**TO DO:** Give the number of lines in the entries below that hold "dots", with no accompanying words.

[Items from a dataset]
text \<open>After the change of coordinates \<open>A'\<close>, the quotient is read off from the coordinates
  \<open>e, \<dots>, e + h - 1\<close>.\<close>

lemma Zgrp_Mod_coordinates_iso:
  fixes A A' :: "nat \<Rightarrow> nat \<Rightarrow> int"
  assumes inv: "mat_inverses n A A'" and "e + h \<le> n" and "I \<inter> {e..<e + h} = {}"
  shows "(Zgrp n)\<lparr>carrier := {v \<in> fvec n. \<forall>l\<in>I. matvec n n A' v l = 0}\<rparr>
           Mod {v \<in> fvec n. \<forall>l\<in>I \<union> {e..<e + h}. matvec n n A' v l = 0} \<cong> Zgrp h"
proof -
  define Z where "Z = {v \<in> fvec n. \<forall>l\<in>I. matvec n n A' v l = 0}"
  define G where "G = (Zgrp n)\<lparr>carrier := Z\<rparr>"
  define \<phi> where "\<phi> = (\<lambda>v i. if i < h then matvec n n A' v (e + i) else (0::int))"
  have "group G"
    unfolding G_def Z_def by (rule group_Zgrp_vanishing)
  moreover have "\<phi> \<in> hom G (Zgrp h)"
    unfolding hom_def G_def \<phi>_def by (auto simp: Zgrp_def fvec_def matvec_add fun_eq_iff)
  ultimately interpret \<phi>: group_hom G "Zgrp h" \<phi>
    by (intro group_hom.intro group_hom_axioms.intro Zgrp_group)
  have "carrier (Zgrp h) \<subseteq> \<phi> ` carrier G"
  proof
    fix y assume y: "y \<in> carrier (Zgrp h)"
    define w where "w = (\<lambda>l. if e \<le> l \<and> l < e + h then y (l - e) else 0)"
    have "w \<in> fvec n" using \<open>e + h \<le> n\<close> by (auto simp: w_def fvec_def)
    then have A'w: "matvec n n A' (matvec n n A w) = w"
      using matvec_inverses[OF mat_inverses_sym[OF inv]] by blast
    then have "matvec n n A w \<in> carrier G"
      using \<open>I \<inter> {e..<e + h} = {}\<close> by (auto simp: G_def Z_def w_def)
    moreover have "\<phi> (matvec n n A w) = y"
      using y unfolding \<phi>_def A'w by (auto simp: w_def Zgrp_def fvec_def fun_eq_iff)
    ultimately show "y \<in> \<phi> ` carrier G" by blast
  qed
  then have "\<phi> ` carrier G = carrier (Zgrp h)"
    using \<phi>.hom_closed by blast
  moreover have "\<phi> v = (\<lambda>_. 0) \<longleftrightarrow> (\<forall>l\<in>{e..<e + h}. matvec n n A' v l = 0)" for v
  proof
    assume "\<phi> v = (\<lambda>_. 0)"
    have vanish: "matvec n n A' v (e + i) = 0" if "i < h" for i
      using fun_cong[OF \<open>\<phi> v = (\<lambda>_. 0)\<close>, of i] that unfolding \<phi>_def by simp
    show "\<forall>l\<in>{e..<e + h}. matvec n n A' v l = 0"
    proof
      fix l assume "l \<in> {e..<e + h}"
      then show "matvec n n A' v l = 0" using vanish[of "l - e"] by auto
    qed
  qed (auto simp: \<phi>_def fun_eq_iff)
  then have "kernel G (Zgrp h) \<phi> = {v \<in> fvec n. \<forall>l\<in>I \<union> {e..<e + h}. matvec n n A' v l = 0}"
    by (auto simp: kernel_def G_def Z_def Zgrp_def)
  ultimately show ?thesis
    using \<phi>.FactGroup_iso unfolding G_def Z_def by metis
qed
(*
  A (d, r)-representation W of E_{p/q} assigns to each vertex i an r-dimensional space
  W_i of C^d such that W_i and W_j are orthogonal whenever the cyclic distance of i and j
  is at least q. Then the sums A_i = W_i + W_{i+1} are orthogonal at distance q + 1, and,
  since 2q <= p, the intersections B_i = W_i \<inter> W_{i+1} are orthogonal at distance q - 1.
  Giving vertex i the block sum of A_{i+s} (s < p) inside C^{pd} turns A into a
  (pd, \<Sum>_s dim A_s)-representation of E_{p/(q+1)}: cyclic distance is invariant under
  rotation, so far-apart vertices are orthogonal block by block. Likewise B yields a
  representation of E_{p/(q-1)}. The hypotheses therefore bound \<Sum>_s dim A_s by d (q + 1)
  and \<Sum>_s dim B_s by d (q - 1), while Grassmann's formula gives dim A_s + dim B_s >= 2r.
  Hence 2pr <= 2qd, i.e. d/r >= p/q; the value p/q itself is attained by giving vertex i
  the coordinates i, ..., i + q - 1 of C^p.
*)
theory Submission
  imports Defs
begin

section \<open>Cyclic distance\<close>

definition cyc_offset :: "nat \<Rightarrow> nat \<Rightarrow> nat \<Rightarrow> nat" where
  "cyc_offset p i j = nat ((int j - int i) mod int p)"

lemma int_cyc_offset: "0 < p \<Longrightarrow> int (cyc_offset p i j) = (int j - int i) mod int p"
  unfolding cyc_offset_def by simp

lemma cyc_offset_less: "0 < p \<Longrightarrow> cyc_offset p i j < p"
  unfolding cyc_offset_def by (simp add: nat_less_iff)

lemma cyc_offset_rotate: "cyc_offset p ((i + s) mod p) ((j + s) mod p) = cyc_offset p i j"
  unfolding cyc_offset_def by (simp add: of_nat_mod mod_diff_eq)

lemma cyc_offset_add_mod:
  assumes "0 < p" shows "cyc_offset p i ((i + t) mod p) = t mod p"
proof -
  have "int (cyc_offset p i ((i + t) mod p)) = int (t mod p)"
    using assms by (simp add: int_cyc_offset of_nat_mod mod_diff_left_eq)
  then show ?thesis by (simp only: of_nat_eq_iff)
qed

lemma cyc_offset_Suc_right:
  assumes "cyc_offset p i j + 1 < p"
  shows "cyc_offset p i ((j + 1) mod p) = cyc_offset p i j + 1"
proof -
  have p: "0 < p" using assms by simp
  have "int (cyc_offset p i ((j + 1) mod p)) = (int j - int i + 1) mod int p"
    using p by (simp add: int_cyc_offset of_nat_mod mod_diff_left_eq algebra_simps)
  also have "\<dots> = ((int j - int i) mod int p + 1) mod int p"
    by (rule mod_add_left_eq[symmetric])
  also have "\<dots> = int (cyc_offset p i j + 1)"
    using assms by (simp add: mod_pos_pos_trivial flip: int_cyc_offset[OF p])
  finally show ?thesis by (simp only: of_nat_eq_iff)
qed

lemma cyc_offset_Suc_left:
  assumes p: "0 < p" and "0 < cyc_offset p i j"
  shows "cyc_offset p ((i + 1) mod p) j = cyc_offset p i j - 1"
proof -
  have "int (cyc_offset p ((i + 1) mod p) j) = (int j - int i - 1) mod int p"
    using p by (simp add: int_cyc_offset of_nat_mod mod_diff_right_eq algebra_simps)
  also have "\<dots> = ((int j - int i) mod int p - 1) mod int p"
    by (rule mod_diff_left_eq[symmetric])
  also have "\<dots> = int (cyc_offset p i j - 1)"
    using assms cyc_offset_less[OF p, of i j]
    by (simp add: of_nat_diff mod_pos_pos_trivial flip: int_cyc_offset[OF p])
  finally show ?thesis by (simp only: of_nat_eq_iff)
qed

**RESPONSE TO THIS TASK:** 5